Lade 0830hrs - cold, frosty, sunny, light airs - Sometimes I have to pinch myself as a reminder of how lucky I am living down here on the Marsh. Take today, for example. It`s December, the fag-end of the birding year, nothing much ever happens, its hopeless, isn't it? Well, perhaps not, do read on...
First up the weather was perfect, still and sunny, although the cloud and wind increased from the south-west by midday. On the local patch the usual wildfowl including Red Crested Pochard, Goldeneye and four Bewick`s Swans in a rape field at the back of Lade north, plus Cetti`s Warbler, Goldcrest, Chiffchaff and Long-tailed Tits around the willow swamp.
Crossing the causeway road five Goosanders and two Great White Egrets on New Diggings and in their usual field at Dengemarsh Road, Lydd two Cattle Egrets playing hide-and-seek amongst the straw bales.

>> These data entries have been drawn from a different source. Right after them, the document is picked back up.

text \<open>The first unplaced set has fewer than |G| predecessors, so fewer than |G| points are
  placed and separated_extend places it too.\<close>
lemma placements_extend:
  fixes D :: "'g::group_add set"
  assumes inf: "infinite (UNIV :: 'g set)" and "finite D"
    and r: "Card_order r" "r \<le>o |UNIV :: 'g set|" "Field r \<subseteq> {F. finite F \<and> separated D F}"
    and M: "M \<in> placements D r" "Domain M \<noteq> Field r"
  shows "\<exists>M'\<in>placements D r. M \<subset> M'"
proof -
  have Msub: "M \<subseteq> Field r \<times> UNIV" and Msv: "single_valued M"
    and Mdown: "\<And>F. F \<in> Domain M \<Longrightarrow> under r F \<subseteq> Domain M" and Msep: "separated D (placed M)"
    using M(1) unfolding placements_def by auto
  have DomM: "Domain M \<subseteq> Field r" using Msub by blast
  obtain F0 where F0: "F0 \<in> Field r" "F0 \<notin> Domain M" "under r F0 \<subseteq> insert F0 (Domain M)"
    and "|Domain M| <o r"
    using Card_order_proper_initial_segment[OF r(1) DomM M(2) Mdown] by blast
  from \<open>|Domain M| <o r\<close> r(2) have "|Domain M| <o |UNIV :: 'g set|" by (rule ordLess_ordLeq_trans)
  moreover have "finite F" if "F \<in> Domain M" for F using that DomM r(3) by blast
  ultimately have "|placed M| <o |UNIV :: 'g set|"
    using inf Msv by (intro card_of_placed_ordLess)
  moreover have "finite F0" "separated D F0" using F0(1) r(3) by auto
  ultimately obtain h where h: "separated D (placed M \<union> (\<lambda>f. f + h) ` F0)"
    using separated_extend[OF inf \<open>finite D\<close> _ Msep] by blast
  define M' where "M' = insert (F0, h) M"
  have "\<forall>F\<in>Domain M'. under r F \<subseteq> Domain M'"
    using Mdown F0(3) unfolding M'_def by auto
  moreover have "single_valued M'"
    using Msv F0(2) unfolding M'_def single_valued_def by blast
  moreover have "M' \<subseteq> Field r \<times> UNIV" using Msub F0(1) unfolding M'_def by blast
  moreover have "separated D (placed M')" using h unfolding M'_def placed_insert .
  ultimately have "M' \<in> placements D r" unfolding placements_def by blast
  moreover have "M \<subset> M'" using F0(2) unfolding M'_def by auto
  ultimately show ?thesis ..
qed

lemma universal_separated_set:
  fixes D :: "'g::group_add set"
  assumes inf: "infinite (UNIV :: 'g set)" and "finite D"
  obtains S where "separated D S"
    and "\<And>F. finite F \<Longrightarrow> separated D F \<Longrightarrow> \<exists>h. (\<lambda>f. f + h) ` F \<subseteq> S"
proof -
  define r where "r = |{F. finite F \<and> separated D F}|"
  have r: "Card_order r" "Field r = {F. finite F \<and> separated D F}"
    unfolding r_def by (simp_all add: Field_card_of)
  have "r \<le>o |UNIV :: 'g set|"
    unfolding r_def by (rule ordLeq_transitive[OF card_of_mono1 card_of_finite_sets_ordLeq[OF inf]]) auto
  obtain M where M: "M \<in> placements D r" and max: "\<forall>M'\<in>placements D r. M \<subseteq> M' \<longrightarrow> M' = M"
    using Zorn_Lemma[of "placements D r"] placements_chain_Union by blast
  have "Domain M = Field r"
  proof (rule ccontr)
    assume "Domain M \<noteq> Field r"
    then obtain M' where "M' \<in> placements D r" "M \<subset> M'"
      using placements_extend[OF inf \<open>finite D\<close> r(1) \<open>r \<le>o _\<close> _ M] r(2) by blast
    then show False using max by blast
  qed
  show ?thesis
  proof
    show "separated D (placed M)" using M unfolding placements_def by blast
    fix F assume "finite F" "separated D F"
    then obtain h where "(F, h) \<in> M" using \<open>Domain M = Field r\<close> r(2) by blast
    then show "\<exists>h. (\<lambda>f. f + h) ` F \<subseteq> placed M" unfolding placed_def by blast
  qed
qed

lemma is_flowD:
  assumes "is_flow act X"
  shows "compact_space X" "continuous_map X X (act g)"
    "x \<in> topspace X \<Longrightarrow> act 0 x = x" "x \<in> topspace X \<Longrightarrow> act (g + h) x = act g (act h x)"
  using assms unfolding is_flow_def by auto

lemma flow_act_in_topspace: "is_flow act X \<Longrightarrow> x \<in> topspace X \<Longrightarrow> act g x \<in> topspace X"
  using is_flowD(2) continuous_map_image_subset_topspace by fastforce

lemma flow_act_neg_act: "is_flow act X \<Longrightarrow> x \<in> topspace X \<Longrightarrow> act (- g) (act g x) = x"
  using is_flowD(3,4) by (metis add.left_inverse)

lemma flow_act_act_neg: "is_flow act X \<Longrightarrow> x \<in> topspace X \<Longrightarrow> act g (act (- g) x) = x"
  using is_flowD(3,4) by (metis add.right_inverse)

lemma flow_translates_cover_iff:
  assumes fl: "is_flow act X" and "U \<subseteq> topspace X"
  shows "(\<Union>g\<in>S. act (- g) ` U) = topspace X \<longleftrightarrow> (\<forall>x\<in>topspace X. \<exists>g\<in>S. act g x \<in> U)"
proof
  assume cover: "(\<Union>g\<in>S. act (- g) ` U) = topspace X"
  show "\<forall>x\<in>topspace X. \<exists>g\<in>S. act g x \<in> U"
  proof
    fix x assume "x \<in> topspace X"
    then obtain g u where "g \<in> S" "u \<in> U" "x = act (- g) u" using cover by blast
    moreover have "act g (act (- g) u) = u" using \<open>u \<in> U\<close> assms(2) flow_act_act_neg[OF fl] by blast
    ultimately show "\<exists>g\<in>S. act g x \<in> U" by metis
  qed
next
  assume hit: "\<forall>x\<in>topspace X. \<exists>g\<in>S. act g x \<in> U"
  show "(\<Union>g\<in>S. act (- g) ` U) = topspace X"
  proof
    show "(\<Union>g\<in>S. act (- g) ` U) \<subseteq> topspace X" using flow_act_in_topspace[OF fl] assms(2) by blast
    show "topspace X \<subseteq> (\<Union>g\<in>S. act (- g) ` U)"
    proof
      fix x assume x: "x \<in> topspace X"
      then obtain g where "g \<in> S" "act g x \<in> U" using hit by blast
      moreover have "x = act (- g) (act g x)" using flow_act_neg_act[OF fl x] by simp
      ultimately show "x \<in> (\<Union>g\<in>S. act (- g) ` U)" by blast
    qed
  qed
qed
lemma integral_Ubar_history:
  assumes "Suc k \<le> K"
  shows "(\<integral>\<omega>. indicator (history k v) \<omega> * Ubar M P X (Suc k) i j \<omega> \<partial>Ps) = 0"
proof (cases "Suc k \<le> M")
  case False
  define H H' where "H = history k v" and "H' = history (Suc k) (v(Suc k := j))"
  define c :: real and p where "c = of_bool (v (Suc k - M) = i)" and "p = P (row_of M (Suc k)) i j"
  have "Suc k - M \<in> {1..k}" using False M_pos by auto
  then have "indicator H \<omega> * Ubar M P X (Suc k) i j \<omega> = c * (indicator H' \<omega> - p * indicator H \<omega>)" for \<omega>
    using False M_pos
    by (auto simp: H_def H'_def c_def p_def Ubar_eq atom_def atLeastAtMostSuc_conv indicator_def)
  moreover have "H \<in> sets Ps" "H' \<in> sets Ps" using assms sets_history unfolding H_def H'_def by auto
  moreover from this have "integrable Ps (indicator H :: 'w \<Rightarrow> real)" "integrable Ps (indicator H' :: 'w \<Rightarrow> real)"
    by (auto simp: top.not_eq_extremum[symmetric])
  ultimately have "(\<integral>\<omega>. indicator H \<omega> * Ubar M P X (Suc k) i j \<omega> \<partial>Ps) = c * (prob H' - p * prob H)"
    by simp
  also have "prob H' = prob H * P (row_of M (Suc k)) (v (Suc k - M)) j"
    unfolding H_def H'_def using prob_history_Suc assms False by simp
  finally show ?thesis by (simp add: H_def H'_def c_def p_def)
qed (simp add: Ubar_eq_0)

lemma integral_Ubar_Fk:
  assumes "Suc k \<le> K" "A \<in> sets (Fk Ps M X k)"
  shows "(\<integral>\<omega>. indicator A \<omega> * Ubar M P X (Suc k) i j \<omega> \<partial>Ps) = 0"
proof (rule integral_indicator_zero_if_atoms)
  show "A \<in> sigma_sets (space Ps) (\<Union>j\<in>{1..k}. {Xbar M X j -` A \<inter> space Ps | A. True})"
    using assms(2) by (simp add: sets_Fk)
qed (use assms measurable_Xbar integrable_Ubar integral_Ubar_history in auto)

lemma martingale_Vbar: "martingale_upto Ps (Fk Ps M X) (\<lambda>k. Vbar M P X k i j) K"
  by (rule martingale_upto_of_increments)
    (simp_all add: subalgebra_Fk sets_Fk_mono measurable_Vbar_Fk M_pos integrable_Vbar
      Vbar_Suc integral_Ubar_Fk)

lemma norm_Ubar_le_sqrt_2:
  assumes "k \<in> {1..K}"
  shows "sqrt (\<Sum>j\<in>UNIV. (Ubar M P X k i j \<omega>)\<^sup>2) \<le> sqrt 2"
proof -
  have "(\<Sum>j\<in>UNIV. (Ubar M P X k i j \<omega>)\<^sup>2) \<le> 2"
  proof (cases "M < k \<and> Xbar M X (k - M) \<omega> = i")
    case True
    then have Ubar: "Ubar M P X k i j \<omega> = of_bool (Xbar M X k \<omega> = j) - P (row_of M k) i j" for j
      using Ubar_eq[OF M_pos, of k P X i j \<omega>] by simp
    have "markov_chain_row Ps (X (row_of M k)) (P (row_of M k)) T"
      using markov row_col_of_bounds[of k M] M_pos assms by auto
    then have "(\<Sum>j\<in>UNIV. (of_bool (Xbar M X k \<omega> = j) - P (row_of M k) i j)\<^sup>2) \<le> 2"
      unfolding markov_chain_row_def by (intro sum_square_delta_minus_distribution_le_2) auto
    then show ?thesis by (simp add: Ubar)
  next
    case False
    then have "Ubar M P X k i j \<omega> = 0" for j
      using Ubar_eq_0[of k M P X i j \<omega>] Ubar_eq[OF M_pos, of k P X i j \<omega>] by (cases "M < k") auto
    then show ?thesis by simp
  qed
  then show ?thesis by simp
qed

end

theorem lemma6p5:
  fixes Ps :: "'w measure"
    and M T :: nat
    and X :: "nat \<Rightarrow> nat \<Rightarrow> 'w \<Rightarrow> 'a::finite"
    and P :: "nat \<Rightarrow> 'a \<Rightarrow> 'a \<Rightarrow> real"
    and i :: 'a
  assumes "prob_space Ps"
    and "M \<ge> 1" and "T \<ge> 1"
    and meas: "\<forall>m\<in>{1..M}. \<forall>t\<le>T. X m t \<in> measurable Ps (count_space UNIV)"
    and indep: "prob_space.indep_vars Ps (\<lambda>_. Pi\<^sub>M {..T} (\<lambda>_. count_space UNIV))
                  (\<lambda>m \<omega>. \<lambda>t\<in>{..T}. X m t \<omega>) {1..M}"
    and markov: "\<forall>m\<in>{1..M}. markov_chain_row Ps (X m) (P m) T"
  shows "vec_martingale_upto Ps (Fk Ps M X) (\<lambda>k j. Vbar M P X k i j) (M * (T + 1))
         \<and> (\<forall>k\<in>{1..M * (T + 1)}.
              AE \<omega> in Ps. sqrt (\<Sum>j\<in>UNIV. (Ubar M P X k i j \<omega>)\<^sup>2) \<le> sqrt 2)"
proof -
  interpret markov_rows Ps M T X P
    using assms by (simp add: markov_rows_def markov_rows_axioms_def)
  show ?thesis
    unfolding vec_martingale_upto_def using martingale_Vbar norm_Ubar_le_sqrt_2 by (auto intro: AE_I2)
qed

end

Scotney - The expected feral Barnacle, Canada and Greylag Geese on the grass, plus loads of Wigeon, Lapwings and a few Goldies until dispersed by a Peregrine. The new pits behind the farm held 55 Shelducks, 10 Egyptian Geese and four Brents in a field, plus 10 Corn Buntings and 20 Chaffinches around the yard. At the Sussex end two Black-necked Grebes and a Scaup were reported (per BB).
Walland Marsh - First stop Midley drying barns and the surrounding environs where, for once birds were everywhere; chiefly Fieldfares, around a thousand of `em, corvids and Woodpigeons along with a scattering of Redwings, Blackbirds, Song and Mistle Thrushes, and single figures of Corn Bunting, Yellowhammer, finches, tits and Stock Doves, plus Tree Sparrows, Goldfinches, tits, Dunnocks and Robins around the feeders.
We then spent a couple of hours out on Cheyne Court wetlands which held hundreds of Goldies, Lapwings, Teal, Wigeon, Greylags and two White-fronts, plus several Marsh Harriers, Kestrels and Buzzards. Walking around a field of root crops we flushed 100 Skylarks, 20 Mipits and single figures of Snipe, Reed Bunting, Pied Wagtail and Song Thrush. Also, Bearded Tit and three Stonechats nearby.
Back on the lane we bumped into DB and BB and eventually, between us, we located the three Tundra Bean Geese hiding amongst a flock of Mute Swans near the Woolpack reservoir. On the drive back to Midley they alerted us to a male Hen Harrier, which I was jammy enough to see flying low over a turf field near the drying barns, heading out towards Scotney.
So, not a bad little outing, with seven species of geese, plenty of passerines, and the cream on the hot chocolate, a Grey Ghost.
Who said December was duff for birding...? Certainly not me!